Kabullenmek yenilgi değildir. Kabullenmek geçmişin yüklerinden kurtulabilmemize yardım eder. İnsan olduğumuzu; hata yapabileceğimizi; zaman zaman çaresiz kalabileceğimizi ve her problemi çözemeyeceğimizi fark edersek ve kendimizi; geçmişimizi; olduğumuz gibi kabul edersek ancak o zaman içimizde tarifsiz bir güç hissedebiliriz. Kabul etmediğimiz; zihnimizde sürekli savaş verdiğimiz bir konuyu nasıl atlatabiliriz ki? Kabullenirsek zihnimizde geçmişte verdiğimiz mücadele biter ve yolumuza devam edebiliriz. Birçok insan geçmişte başına gelenlerle ilgili sürekli kendine; Neden bunları yaşadım? Sorusunu sorar. Bazen öyle olması gerekir ve olur. Yaşamış olduğumuz olumsuzluklar bizim suçumuz ya da yaptığımız şeylerin sonucu olmayabilir. Olumsuzluklar sadece bizim başımıza gelmez. Aslında birçok sorun birçok insan tarafından ortak yaşanır ama biz sadece bizim başımıza geldiğini sanırız. Keşke yapmasaydım. Keşke gitmeseydim. Ah keşke tanışmamış olsaydım; deriz. Keşkeler sadece bugünkü vaktimizden çalar. Geçmişte yaşanan olumsuzluklar; çoğu zaman yaşayanın içinde o kişinin hayatını etkilemeye ve geçmişin hatıralarıyla bugününü mahvetmeye devam eder. İnsan geçmişte elinde olmayan sebeplerle olumsuzluklar yaşamış olabilir hayattaki her şeyi kontrol edemeyiz; bizim gücümüzün; tahammülümüzün ve sorumluluklarımızın da bir sınırı vardır. Geçmişte yaşadığımız olumsuzlukların etkisini devam ettirip şu anımızı zehir etmesine izin vermemeliyiz. Geçmişte olması gereken bazı şeyler oldu artık yapacak bir şey yok. Geçmişte yaşadıklarım yüzünden bu anımı mahvedemem diyerek insan olduğumuzu; hatalar yapabileceğimizi farkında olabilmek gerekiyor. Önemli olan; başımıza gelenleri kabullenebilmek. Kendimize ben bunu yaşadım; şimdi ne yapacağım sorusunu sorabilmek.

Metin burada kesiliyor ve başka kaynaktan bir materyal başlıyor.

(* Consider a CMILS instance and let $(x,y)$ satisfy $x_{s,i}\in[0,1]$ for all $i\in[N]$, $s\in[r_i]$, $\sum_{s\in[r_i]}x_{s,i}=1$ for every $i\in[N]$, and $y\in[0,1]^T$. For every interval $(a,b]$ over $[T]$ let $R_{a,b}:=\sum_{i\in[N]:\ r_i\in(a,b]}\max\{1-\frac52x_{[a],i},0\}d_i$. Let $(a,b]$ be an interval with $R_{a,b}>0$, let $I=\{i\in[N]: r_i\in(a,b],\ x_{[a],i}<\frac25\}$, and let $(S_1,S_2)$ be any partition of $(a,b]$ into two parts with $C(S_1)<R_{a,b}$. If $$C(S_1)+\sum_{s\in S_2}\min\{C_s,\,d(I)-C(S_1)\}\,y_s+\sum_{i\in I}x_{[T]\setminus(S_1\cup S_2),i}\,d_i\ \ge\ d(I),$$ then either $$\sum_{s\in S_2}\min\{C_s,\,R_{a,b}-C(S_1)\}\,y_s\ \ge\ R_{a,b}-C(S_1)\quad\text{or}\quad\sum_{s\in S_2:\ C_s\ge R_{a,b}-C(S_1)}y_s\ \ge\ \tfrac35.$$
   Context: CMILS instance: periods $[T]$, items $[N]$; item $i$ has demand $d_i>0$ due by time $r_i\in[T]$; period $s$ has capacity $C_s>0$ (and ordering cost $K_s>0$); holding costs are irrelevant here. Notation: $x_{s,i}=0$ for $s>r_i$; $x_{S,i}=\sum_{s\in S}x_{s,i}$ for $S\subseteq[T]$; $[a]=\{1,\dots,a\}$ ($[0]=\emptyset$); $(a,b]=\{a+1,\dots,b\}$ and an interval over $[T]$ is $(a,b]$ with integers $0\le a<b\le T$; $C(S)=\sum_{s\in S}C_s$; $d(I)=\sum_{i\in I}d_i$. *)

theory Defs
  imports Complex_Main
begin

text \<open>CMILS instance data: periods 1..T, items 1..N; demand d i > 0 due by r i \<in> {1..T};
  capacity C s > 0 and ordering cost K s > 0 for s \<in> {1..T}.\<close>
definition cmils_instance ::
  "nat \<Rightarrow> nat \<Rightarrow> (nat \<Rightarrow> real) \<Rightarrow> (nat \<Rightarrow> nat) \<Rightarrow> (nat \<Rightarrow> real) \<Rightarrow> (nat \<Rightarrow> real) \<Rightarrow> bool" where
  "cmils_instance T N d r C K \<longleftrightarrow>
     (\<forall>i\<in>{1..N}. d i > 0 \<and> r i \<in> {1..T}) \<and> (\<forall>s\<in>{1..T}. C s > 0 \<and> K s > 0)"

definition xS :: "(nat \<Rightarrow> nat \<Rightarrow> real) \<Rightarrow> nat set \<Rightarrow> nat \<Rightarrow> real" where
  "xS x S i = (\<Sum>s\<in>S. x s i)"

definition capS :: "(nat \<Rightarrow> real) \<Rightarrow> nat set \<Rightarrow> real" where
  "capS C S = (\<Sum>s\<in>S. C s)"

definition dem :: "(nat \<Rightarrow> real) \<Rightarrow> nat set \<Rightarrow> real" where
  "dem d I = (\<Sum>i\<in>I. d i)"

definition Rab :: "nat \<Rightarrow> (nat \<Rightarrow> nat) \<Rightarrow> (nat \<Rightarrow> real) \<Rightarrow> (nat \<Rightarrow> nat \<Rightarrow> real) \<Rightarrow> nat \<Rightarrow> nat \<Rightarrow> real" where
  "Rab N r d x a b =
     (\<Sum>i\<in>{i\<in>{1..N}. r i \<in> {a<..b}}. max (1 - 5/2 * xS x {1..a} i) 0 * d i)"

end

theory Submission
  imports Defs
begin

text \<open>Put X = \<Sum>i\<in>I. x[a],i d_i. Only items of I contribute to R_{a,b}, so R_{a,b} = d(I) - 5/2 X;
  items of I are due in (a,b], so outside S1 \<union> S2 they are served only in [a], and the hypothesis
  reads \<Sum> min{C_s, E} y_s \<ge> E - X with E = d(I) - C(S1). Lowering the cap from E to
  \<Delta> = R_{a,b} - C(S1) = E - 5/2 X affects only the periods with C_s \<ge> \<Delta>, each losing at most
  (E - \<Delta>) y_s; unless these periods carry weight 3/5, the total loss is below 3/2 X and the
  cover of \<Delta> survives.\<close>

lemma capped_cover_lower_or_heavy:
  fixes C y :: "'a \<Rightarrow> real" and E \<Delta> \<theta> :: real
  assumes "finite S" and y_nonneg: "\<forall>s\<in>S. 0 \<le> y s" and "\<Delta> \<le> E"
    and cover: "(\<Sum>s\<in>S. min (C s) E * y s) \<ge> E - \<theta> * (E - \<Delta>)"
  shows "(\<Sum>s\<in>S. min (C s) \<Delta> * y s) \<ge> \<Delta> \<or> (\<Sum>s\<in>{s\<in>S. C s \<ge> \<Delta>}. y s) \<ge> 1 - \<theta>"
proof (rule disjCI)
  define Y where "Y = (\<Sum>s\<in>{s\<in>S. C s \<ge> \<Delta>}. y s)"
  assume "\<not> Y \<ge> 1 - \<theta>"
  have "(\<Sum>s\<in>S. min (C s) E * y s)
        \<le> (\<Sum>s\<in>S. min (C s) \<Delta> * y s + (E - \<Delta>) * (if C s \<ge> \<Delta> then y s else 0))"
    using y_nonneg \<open>\<Delta> \<le> E\<close> by (intro sum_mono) (auto simp: min_def mult_right_mono algebra_simps)
  also have "\<dots> = (\<Sum>s\<in>S. min (C s) \<Delta> * y s) + (E - \<Delta>) * Y"
    by (simp add: Y_def sum.distrib sum_distrib_left sum.inter_filter[OF \<open>finite S\<close>])
  finally have "(\<Sum>s\<in>S. min (C s) \<Delta> * y s) \<ge> \<Delta> + (E - \<Delta>) * (1 - \<theta> - Y)"
    using cover by (simp add: algebra_simps)
  moreover have "(E - \<Delta>) * (1 - \<theta> - Y) \<ge> 0"
    using \<open>\<Delta> \<le> E\<close> \<open>\<not> Y \<ge> 1 - \<theta>\<close> by simp
  ultimately show "(\<Sum>s\<in>S. min (C s) \<Delta> * y s) \<ge> \<Delta>" by linarith
qed

lemma Rab_eq_sum_low_items:
  "Rab N r d x a b =
     (\<Sum>i\<in>{i\<in>{1..N}. r i \<in> {a<..b} \<and> xS x {1..a} i < 2/5}. (1 - 5/2 * xS x {1..a} i) * d i)"
proof -
  have "Rab N r d x a b =
     (\<Sum>i\<in>{i\<in>{1..N}. r i \<in> {a<..b}}.
        if xS x {1..a} i < 2/5 then (1 - 5/2 * xS x {1..a} i) * d i else 0)"
    unfolding Rab_def by (intro sum.cong) auto
  also have "\<dots> = (\<Sum>i\<in>{i\<in>{1..N}. r i \<in> {a<..b} \<and> xS x {1..a} i < 2/5}.
                    (1 - 5/2 * xS x {1..a} i) * d i)"
    by (subst sum.inter_filter[symmetric]) (simp_all add: conj_assoc)
  finally show ?thesis .
qed

lemma xS_outside_interval:
  assumes "a < b" "b \<le> T" "r i \<le> b" and zero: "\<forall>s. r i < s \<longrightarrow> x s i = 0"
  shows "xS x ({1..T} - {a<..b}) i = xS x {1..a} i"
proof -
  have "{1..T} - {a<..b} = {1..a} \<union> {b<..T}" using assms(1,2) by auto
  moreover have "xS x {b<..T} i = 0"
    unfolding xS_def using \<open>r i \<le> b\<close> zero by simp
  moreover have "xS x ({1..a} \<union> {b<..T}) i = xS x {1..a} i + xS x {b<..T} i"
    unfolding xS_def using \<open>a < b\<close> by (intro sum.union_disjoint) auto
  ultimately show ?thesis by simp
qed

theorem lemma2:
  fixes T N :: nat and d :: "nat \<Rightarrow> real" and r :: "nat \<Rightarrow> nat"
    and C K :: "nat \<Rightarrow> real" and x :: "nat \<Rightarrow> nat \<Rightarrow> real" and y :: "nat \<Rightarrow> real"
    and a b :: nat and I S1 S2 :: "nat set"
  assumes inst: "cmils_instance T N d r C K"
    and x01: "\<forall>i\<in>{1..N}. \<forall>s\<in>{1..r i}. 0 \<le> x s i \<and> x s i \<le> 1"
    and xzero: "\<forall>i\<in>{1..N}. \<forall>s. r i < s \<longrightarrow> x s i = 0"
    and xsum1: "\<forall>i\<in>{1..N}. xS x {1..r i} i = 1"
    and y01: "\<forall>s\<in>{1..T}. 0 \<le> y s \<and> y s \<le> 1"
    and ab: "a < b" "b \<le> T"
    and Rpos: "Rab N r d x a b > 0"
    and I_def: "I = {i\<in>{1..N}. r i \<in> {a<..b} \<and> xS x {1..a} i < 2/5}"
    and part: "S1 \<union> S2 = {a<..b}" "S1 \<inter> S2 = {}"
    and cS1: "capS C S1 < Rab N r d x a b"
    and hyp: "capS C S1 + (\<Sum>s\<in>S2. min (C s) (dem d I - capS C S1) * y s)
                + (\<Sum>i\<in>I. xS x ({1..T} - (S1 \<union> S2)) i * d i) \<ge> dem d I"
  shows "(\<Sum>s\<in>S2. min (C s) (Rab N r d x a b - capS C S1) * y s) \<ge> Rab N r d x a b - capS C S1
         \<or> (\<Sum>s\<in>{s\<in>S2. C s \<ge> Rab N r d x a b - capS C S1}. y s) \<ge> 3/5"
proof -
  define X where "X = (\<Sum>i\<in>I. xS x {1..a} i * d i)"
  define E where "E = dem d I - capS C S1"
  define \<Delta> where "\<Delta> = Rab N r d x a b - capS C S1"
  have "Rab N r d x a b = dem d I - 5/2 * X"
    unfolding Rab_eq_sum_low_items I_def[symmetric] X_def dem_def
    by (simp add: algebra_simps sum_subtractf sum_distrib_left)
  then have X_eq: "X = 2/5 * (E - \<Delta>)" unfolding E_def \<Delta>_def by simp
  have "X \<ge> 0"
    unfolding X_def xS_def using inst x01
    by (intro sum_nonneg mult_nonneg_nonneg) (auto simp: I_def cmils_instance_def less_imp_le)
  have "(\<Sum>i\<in>I. xS x ({1..T} - (S1 \<union> S2)) i * d i) = X"
    unfolding X_def part(1)
  proof (intro sum.cong refl)
    fix i assume "i \<in> I"
    then show "xS x ({1..T} - {a<..b}) i * d i = xS x {1..a} i * d i"
      using xS_outside_interval[OF ab, of r i x] xzero by (simp add: I_def)
  qed
  with hyp X_eq have "(\<Sum>s\<in>S2. min (C s) E * y s) \<ge> E - 2/5 * (E - \<Delta>)"
    unfolding E_def by linarith
  moreover have "S2 \<subseteq> {1..T}" using part(1) ab by (auto dest!: equalityD1)
  then have "\<forall>s\<in>S2. 0 \<le> y s" using y01 by blast
  moreover have "finite S2" using part(1) by (metis finite_Un finite_greaterThanAtMost)
  moreover have "\<Delta> \<le> E" using X_eq \<open>X \<ge> 0\<close> by simp
  ultimately have "(\<Sum>s\<in>S2. min (C s) \<Delta> * y s) \<ge> \<Delta> \<or> (\<Sum>s\<in>{s\<in>S2. C s \<ge> \<Delta>}. y s) \<ge> 1 - 2/5"
    by (intro capped_cover_lower_or_heavy)
  then show ?thesis unfolding \<Delta>_def by simp
qed

end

Başımıza gelen olumsuzlukları kabullendiğimiz gibi gelmeyenleri de kabullenmeliyiz. Geçmişle ilgili bir problemimiz yoktur. Bir amaç için uğraşırız. Olmayabilir; her şeyi yapabilmemiz mümkün değil. Kapasitemiz her iş için uygun değil; belki de hazır değilizdir. Ne yaparsak yapalım olmuyorsa hala zamanı gelmemiştir. Bazen biz ne yaparsak yapalım olmaz. Biz çok çaba göstersek bile elimizde olmayan sebeplerden dolayı bazı şeyler olmayabilir. Hayatı bütünüyle kontrol edemeyiz. Elimizde olmayan sebeplerden dolayı yapamadıklarımız için kendimizi suçlamak kendimize yaptığımız en büyük haksızlıklardan biridir. Elimizden gelen gayreti gösterdiğimiz halde bazı şeyler olmuyorsa zamanı değil diyerek kabullenebilmek çok önemli. Bir noktada değiştiremediğimiz şeyleri kabullenebilmek bizi iyileştiriyor.